В Берлине вместо того, чтобы, как ей рекомендовали, подождать сутки и обменять у русского консула паспорт прислуги на свой, она, не выходя даже из вокзала Фридриха, пересела в другой поезд и помчалась в Париж — к цели их поездки.

Солнце уже касалось краем своего громадного, медно-красного диска земли. Прямо над ним, точно длинная белая рыба с перламутровыми плавниками и золотистым брюшком, остановилось в задумчивости легкое, одинокое облачко.

Старинная с башенками постройка осталась уже далеко позади. Прямо перед поездом стлались хлебные поля, пересеченные ровными длинными шоссе, усаженными с обеих сторон куполообразными или пирамидальными деревьями. Северный экспресс мчался все так же прямо на диск солнца, и казалось, что он напрягает свои последние силы и ураганом несется по удивленной, встревоженной им равнине.

— Свобода, Валенька, свобода! Там, за этим вечно радостным, золотым солнцем. Полная свобода. Можно с ума сойти, Валик, от радости!

— Детка моя, возлюбленный мой, радость моя, свобода!
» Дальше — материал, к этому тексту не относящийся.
lemma greedy_enumeration:
  fixes b :: "nat \<Rightarrow> real"
  assumes b0: "\<And>k. b k \<ge> 0" and bt: "b \<longlonglongrightarrow> 0"
  obtains g :: "nat \<Rightarrow> nat" where "inj g" "\<And>k l. l \<notin> g ` {..<k} \<Longrightarrow> b l \<le> b (g k)"
proof -
  define Mf where "Mf = (\<lambda>S. SOME M. M \<notin> S \<and> (\<forall>l. l \<notin> S \<longrightarrow> b l \<le> b M))"
  have Mf: "Mf S \<notin> S" "\<And>l. l \<notin> S \<Longrightarrow> b l \<le> b (Mf S)" if "finite S" for S
    using someI_ex[OF ex_argmax_outside_finite[OF b0 bt that]] by (auto simp: Mf_def)
  define Sq where "Sq = rec_nat {} (\<lambda>k S. insert (Mf S) S)"
  define g where "g = (\<lambda>k. Mf (Sq k))"
  have Sq: "Sq k = g ` {..<k}" for k
  proof (induction k)
    case (Suc k)
    have "Sq (Suc k) = insert (g k) (Sq k)" by (simp add: Sq_def g_def)
    then show ?case using Suc by (simp add: lessThan_Suc)
  qed (simp add: Sq_def)
  have g_eq: "g k = Mf (g ` {..<k})" for k
  proof -
    have "g k = Mf (Sq k)" by (simp add: g_def)
    then show ?thesis by (simp only: Sq)
  qed
  have new: "g k \<notin> g ` {..<k}" for k
    unfolding g_eq[of k] by (rule Mf(1)[OF finite_imageI[OF finite_lessThan]])
  have "inj g"
  proof (rule injI)
    fix j k assume "g j = g k"
    then show "j = k" using new[of j] new[of k] by (metis image_eqI lessThan_iff linorder_neqE_nat)
  qed
  moreover have "b l \<le> b (g k)" if "l \<notin> g ` {..<k}" for k l
    unfolding g_eq[of k] by (rule Mf(2)[OF finite_imageI[OF finite_lessThan] that])
  ultimately show ?thesis by (rule that)
qed

(* s k is the (k+1)-st largest value of a. *)
lemma decreasing_majorant_exists:
  fixes a :: "nat \<Rightarrow> real"
  assumes p: "p > 0" and a0: "\<And>k. a k \<ge> 0" and sa: "summable (\<lambda>k. a k powr p)"
  obtains s where "\<And>k. s k \<ge> 0" "summable (\<lambda>k. s k powr p)"
    "\<And>k. \<exists>S. finite S \<and> card S \<le> k \<and> (\<forall>l. l \<notin> S \<longrightarrow> a l \<le> s k)"
proof -
  obtain g :: "nat \<Rightarrow> nat" where g: "inj g" "\<And>k l. l \<notin> g ` {..<k} \<Longrightarrow> a l powr p \<le> a (g k) powr p"
    by (rule greedy_enumeration[of "\<lambda>k. a k powr p", OF powr_ge_zero summable_LIMSEQ_zero[OF sa]]) blast
  have le: "a l \<le> a (g k)" if "l \<notin> g ` {..<k}" for k l
  proof (rule ccontr)
    assume "\<not> a l \<le> a (g k)"
    then have "a (g k) powr p < a l powr p" using p a0 by (intro powr_less_mono2) auto
    then show False using g(2)[OF that] by simp
  qed
  have "(\<Sum>k<n. a (g k) powr p) \<le> (\<Sum>k. a k powr p)" for n
  proof -
    have "(\<Sum>k<n. a (g k) powr p) = (\<Sum>l\<in>g ` {..<n}. a l powr p)"
      using inj_on_subset[OF g(1) subset_UNIV] by (simp add: sum.reindex)
    also have "\<dots> \<le> (\<Sum>k. a k powr p)"
      by (rule sum_le_suminf[OF sa finite_imageI[OF finite_lessThan]]) simp
    finally show ?thesis .
  qed
  then have "summable (\<lambda>k. a (g k) powr p)" by (rule summableI_nonneg_bounded[rotated]) simp
  moreover have "\<exists>S. finite S \<and> card S \<le> k \<and> (\<forall>l. l \<notin> S \<longrightarrow> a l \<le> a (g k))" for k
    using le card_image_le[of "{..<k}" g] by (intro exI[of _ "g ` {..<k}"]) auto
  ultimately show ?thesis using a0 by (intro that[of "\<lambda>k. a (g k)"])
qed

lemma schatten_diag_op:
  assumes u: "orthonormal_seq u" and p: "p > 0" and d: "summable (\<lambda>k. cmod (d k) powr p)"
  shows "schatten p (diag_op u d)"
proof -
  obtain s where s: "\<And>k. s k \<ge> 0" "summable (\<lambda>k. s k powr p)"
    "\<And>k. \<exists>S. finite S \<and> card S \<le> k \<and> (\<forall>l. l \<notin> S \<longrightarrow> cmod (d l) \<le> s k)"
    using decreasing_majorant_exists[OF p norm_ge_zero d] by blast
  have D: "cmod (d l) \<le> s 0" for l using s(3)[of 0] by auto
  have K: "bounded_op (diag_op u d)" by (rule bounded_op_diag_op[OF u D])
  have approx: "0 \<le> approx_num (diag_op u d) k \<and> approx_num (diag_op u d) k \<le> s k" for k
  proof -
    obtain S where S: "finite S" "card S \<le> k" "\<forall>l. l \<notin> S \<longrightarrow> cmod (d l) \<le> s k"
      using s(3) by blast
    \<comment> \<open>keeping the k largest diagonal entries gives a rank-k approximation with error at most s k\<close>
    define F where "F = diag_op u (\<lambda>l. if l \<in> S then d l else 0)"
    have F: "bounded_op F" unfolding F_def by (rule bounded_op_diag_op[OF u, of _ "s 0"]) (use D s(1) in auto)
    have rank: "rank_le F k" unfolding F_def by (rule rank_le_diag_op_finite_support[OF u S(1,2)])
    have tail: "cmod (if l \<in> S then 0 else d l) \<le> s k" for l using S(3) s(1)[of k] by auto
    have "l2norm (\<lambda>i. diag_op u d x i - F x i) \<le> s k * l2norm x" if x: "x \<in> l2" for x
      using diag_op_l2(2)[OF u tail x] diag_op_split[OF u D x] by (simp add: F_def)
    then show ?thesis using approx_num_bounds[OF K F rank s(1)] by blast
  qed
  have "summable (\<lambda>k. approx_num (diag_op u d) k powr p)"
    by (rule summable_comparison_test'[OF s(2), of 0]) (use approx p in \<open>auto intro: powr_mono2\<close>)
  then show ?thesis using K by (simp add: schatten_def)
qed

lemma l2inner_add_diag_op_basis:
  assumes T: "bounded_op T" and u: "orthonormal_seq u"
  shows "l2inner (\<lambda>i. T (u k) i + diag_op u d (u k) i) (u k) = l2inner (T (u k)) (u k) + d k"
proof -
  note uD = orthonormal_seqD[OF u]
  have "l2inner (\<lambda>i. T (u k) i + diag_op u d (u k) i) (u k)
      = l2inner (T (u k)) (u k) + l2inner (\<lambda>i. d k * u k i) (u k)"
    unfolding diag_op_eigenvector[OF u] by (rule l2inner_add_left[OF bounded_op_l2[OF T uD(1)] l2_scale[OF uD(1)] uD(1)])
  then show ?thesis using uD(2) by (simp add: l2inner_scale_left[OF uD(1) uD(1)])
qed

theorem corollary5p1:
  fixes T :: "'n::finite \<Rightarrow> op" and p :: real and lam :: "nat \<Rightarrow> 'n \<Rightarrow> complex"
  assumes "\<forall>j. bounded_op (T j)"
    and "p > 1"
    and "summable (\<lambda>k. (setdist_max (lam k) (ess_num_range T)) powr p)"
  shows "\<exists>K :: 'n \<Rightarrow> op. (\<forall>j. schatten p (K j)) \<and>
           lam \<in> diag_set (\<lambda>j x i. T j x i + K j x i)"
proof -
  note T = assms(1) and p = assms(2)
  have p0: "p > 0" and W: "ess_num_range T \<noteq> {}" using p ess_num_range_nonempty[OF T] by simp_all
  obtain \<mu> where \<mu>: "\<forall>k. \<mu> k \<in> ess_num_range T"
    and near: "\<And>k. maxdist (lam k) (\<mu> k) < setdist_max (lam k) (ess_num_range T) + (1/2)^k"
    by (rule near_best_approximations_exist[OF W, of lam]) blast
  obtain u where u: "onb u" and err: "summable (\<lambda>k. maxdist (\<lambda>j. l2inner (T j (u k)) (u k)) (\<mu> k) powr p)"
    by (rule onb_with_summable_diagonal_error[OF T \<mu> p])
  have uo: "orthonormal_seq u" using u by (simp add: onb_def)
  have "summable (\<lambda>k. maxdist (lam k) (\<lambda>j. l2inner (T j (u k)) (u k)) powr p)"
    by (rule summable_powr_maxdist_near_best[OF p0 W assms(3) near err])
  then have d: "summable (\<lambda>k. cmod (lam k j - l2inner (T j (u k)) (u k)) powr p)" for j
    by (rule summable_comparison_test'[of _ 0]) (use p0 in \<open>auto intro!: powr_mono2 maxdist_ge\<close>)
  define K where "K = (\<lambda>j. diag_op u (\<lambda>k. lam k j - l2inner (T j (u k)) (u k)))"
  have "lam = (\<lambda>k j. l2inner ((\<lambda>j x i. T j x i + K j x i) j (u k)) (u k))"
    using l2inner_add_diag_op_basis[OF spec[OF T] uo] by (simp add: K_def)
  then have "lam \<in> diag_set (\<lambda>j x i. T j x i + K j x i)" unfolding diag_set_def using u by blast
  moreover have "schatten p (K j)" for j unfolding K_def by (rule schatten_diag_op[OF uo p0 d])
  ultimately show ?thesis by blast
qed

end
(* Let $P$ be the Borel probability measure on $\mathbb{R}$ with density $f(x)=(3/2)^m$ if $x\in J_m:=[1-\frac{1}{3^{m-1}},1-\frac{2}{3^m}]$ for some $m\in\mathbb{N}$, and $f(x)=0$ otherwise. Let $k,n\in\mathbb{N}$ and let $\alpha_n$ be an optimal set of $n$-means for $P$ such that $\mathrm{card}(\alpha_n\cap[J_{k+1}(0),1])\ge2$. Then: (i) $\alpha_n\cap J_{k+1}\neq\emptyset$ and $\alpha_n\cap[J_{k+2}(0),1]\neq\emptyset$; (ii) $\alpha_n$ contains no point of the open interval $(J_{k+1}(1),J_{k+2}(0))$; (iii) the Voronoi region of any point of $\alpha_n\cap J_{k+1}$ contains no point of $[J_{k+2}(0),1]$, and the Voronoi region of any point of $\alpha_n\cap[J_{k+2}(0),1]$ contains no point of $J_{k+1}$.
   Context: $\mathbb{N}=\{1,2,\dots\}$. For $m\in\mathbb{N}$, $J_m(0)=1-\frac{1}{3^{m-1}}$ and $J_m(1)=1-\frac{2}{3^m}$ are the left and right endpoints of $J_m$. An optimal set of $n$-means for $P$ is a set $\alpha\subset\mathbb{R}$ with $\mathrm{card}(\alpha)\le n$ attaining $\inf\{\int\min_{a\in\alpha}(x-a)^2\,dP(x):\mathrm{card}(\alpha)\le n\}$. For a finite $\alpha$ and $a\in\alpha$, the Voronoi region of $a$ is $M(a|\alpha)=\{x\in\mathbb{R}:|x-a|=\min_{b\in\alpha}|x-b|\}$. *)

theory Defs
  imports "HOL-Analysis.Analysis"
begin

definition J0 :: "nat \<Rightarrow> real" where "J0 m = 1 - 1 / 3 ^ (m - 1)"
definition J1 :: "nat \<Rightarrow> real" where "J1 m = 1 - 2 / 3 ^ m"
definition J :: "nat \<Rightarrow> real set" where "J m = {J0 m .. J1 m}"

text \<open>Density: (3/2)^m on J m (m \<ge> 1), 0 elsewhere; the J m are pairwise disjoint.\<close>
definition dens :: "real \<Rightarrow> real" where
  "dens x = (if \<exists>m\<ge>1. x \<in> J m then (3/2) ^ (THE m. m \<ge> 1 \<and> x \<in> J m) else 0)"

definition P :: "real measure" where
  "P = density lborel (\<lambda>x. ennreal (dens x))"

definition distortion :: "real set \<Rightarrow> ennreal" where
  "distortion \<alpha> = (\<integral>\<^sup>+ x. ennreal (Min ((\<lambda>a. (x - a)\<^sup>2) ` \<alpha>)) \<partial>P)"
lemma weighted_bound_if_SHc:
  fixes r :: real
  assumes SH: "SHc \<alpha> \<beta> \<gamma> \<delta> p q m n \<eta> (hcoeffs a) (\<lambda>k. of_real ((-1) ^ (m - 1) * b k))"
    and "0 \<le> \<eta>" "1 \<le> m"
    and "1 \<le> conv_radius (\<lambda>k. Ccoef \<alpha> \<beta> \<gamma> \<delta> p q m k * a k)" "1 \<le> conv_radius (\<lambda>k. Ccoef \<alpha> \<beta> \<gamma> \<delta> p q m k * b k)"
    and "1 \<le> conv_radius (\<lambda>k. Ccoef \<alpha> \<beta> \<gamma> \<delta> p q n k * a k)" "1 \<le> conv_radius (\<lambda>k. Ccoef \<alpha> \<beta> \<gamma> \<delta> p q n k * b k)"
    and "0 < r" "r < 1"
  shows "real_powser (\<lambda>k. (Ccoef \<alpha> \<beta> \<gamma> \<delta> p q m k - \<eta> * Ccoef \<alpha> \<beta> \<gamma> \<delta> p q n k) * a k) r +
    real_powser (\<lambda>k. (Ccoef \<alpha> \<beta> \<gamma> \<delta> p q m k + \<eta> * (-1) ^ (m - 1 + n) * Ccoef \<alpha> \<beta> \<gamma> \<delta> p q n k) * b k) r
    < (1 - \<eta>) * r"
proof -
  define cm where "cm = Ccoef \<alpha> \<beta> \<gamma> \<delta> p q m"
  define cn where "cn = Ccoef \<alpha> \<beta> \<gamma> \<delta> p q n"
  define \<tau> :: real where "\<tau> = (-1) ^ (m - 1 + n)"
  define P where "P x = x - real_powser (\<lambda>k. cm k * a k) x - real_powser (\<lambda>k. cm k * b k) x" for x :: real
  define Q where "Q x = x - real_powser (\<lambda>k. cn k * a k) x + \<tau> * real_powser (\<lambda>k. cn k * b k) x" for x :: real
  have ratio: "\<eta> < P x / Q x" if "0 < x" "x < 1" for x
    using radial_ratio_if_SHc[OF SH assms(3-7) that] by (simp add: P_def Q_def cm_def cn_def \<tau>_def)
  have "a 1 = 0" "\<bar>b 1\<bar> < 1"
    using SH by (simp_all add: SHc_def hcoeffs_def norm_mult norm_power)
  then have "0 < 1 - cn 1 * a 1 + \<tau> * (cn 1 * b 1)"
    by (cases "even (m - 1 + n)") (auto simp: cn_def \<tau>_def)
  moreover have "Q x \<noteq> 0" if "0 < x" "x < 1" for x
    using ratio[OF that] \<open>0 \<le> \<eta>\<close> by auto
  ultimately have "0 < Q r"
    unfolding Q_def using assms(6-9) by (intro radial_pos_if_nonvanishing) (auto simp: cn_def Q_def)
  then have "\<eta> * Q r < P r"
    using ratio[OF assms(8,9)] by (simp add: pos_less_divide_eq mult.commute)
  then show ?thesis
    using real_powser_weighted[OF assms(4,6), of r "- \<eta>"] real_powser_weighted[OF assms(5,7), of r "\<eta> * \<tau>"]
      assms(8,9)
    by (simp add: P_def Q_def cm_def cn_def \<tau>_def algebra_simps)
qed

lemma radial_coeff_condition_if_SHc:
  assumes SH: "SHc \<alpha> \<beta> \<gamma> \<delta> p q m n \<eta> (hcoeffs a) (\<lambda>k. of_real ((-1) ^ (m - 1) * b k))"
    and "0 \<le> \<eta>" "1 \<le> m" "\<forall>k. 0 \<le> a k \<and> 0 \<le> b k"
  shows "radial_coeff_condition (Ccoef \<alpha> \<beta> \<gamma> \<delta> p q m) (Ccoef \<alpha> \<beta> \<gamma> \<delta> p q n) \<eta> ((-1) ^ (m - 1 + n)) a b"
proof -
  have "(-1) ^ (m - 1) \<noteq> (0 :: real)" "\<bar>(-1) ^ (m - 1)\<bar> = (1 :: real)"
    by simp_all
  note radii = conv_radius_if_SHc[OF SH this(1)]
  show ?thesis
    unfolding radial_coeff_condition_def
    using assms radii diffs_bound_if_SHc[OF SH \<open>\<bar>(-1) ^ (m - 1)\<bar> = 1\<close>]
      weighted_bound_if_SHc[OF SH \<open>0 \<le> \<eta>\<close> \<open>1 \<le> m\<close>]
    by (simp add: mult.assoc)
qed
Не надо больше притворяться, лгать, фарисействовать. Жить и не знать вечного гнусного страха, не чувствовать своего бессилия, приводящего в ярость, доводящего до ненависти. Ты прав, Глебушка, есть от чего сойти с ума. Подумать только, что никто больше не будет интересоваться нашей жизнью, никто не будет залезать в нее своими корявыми пальцами.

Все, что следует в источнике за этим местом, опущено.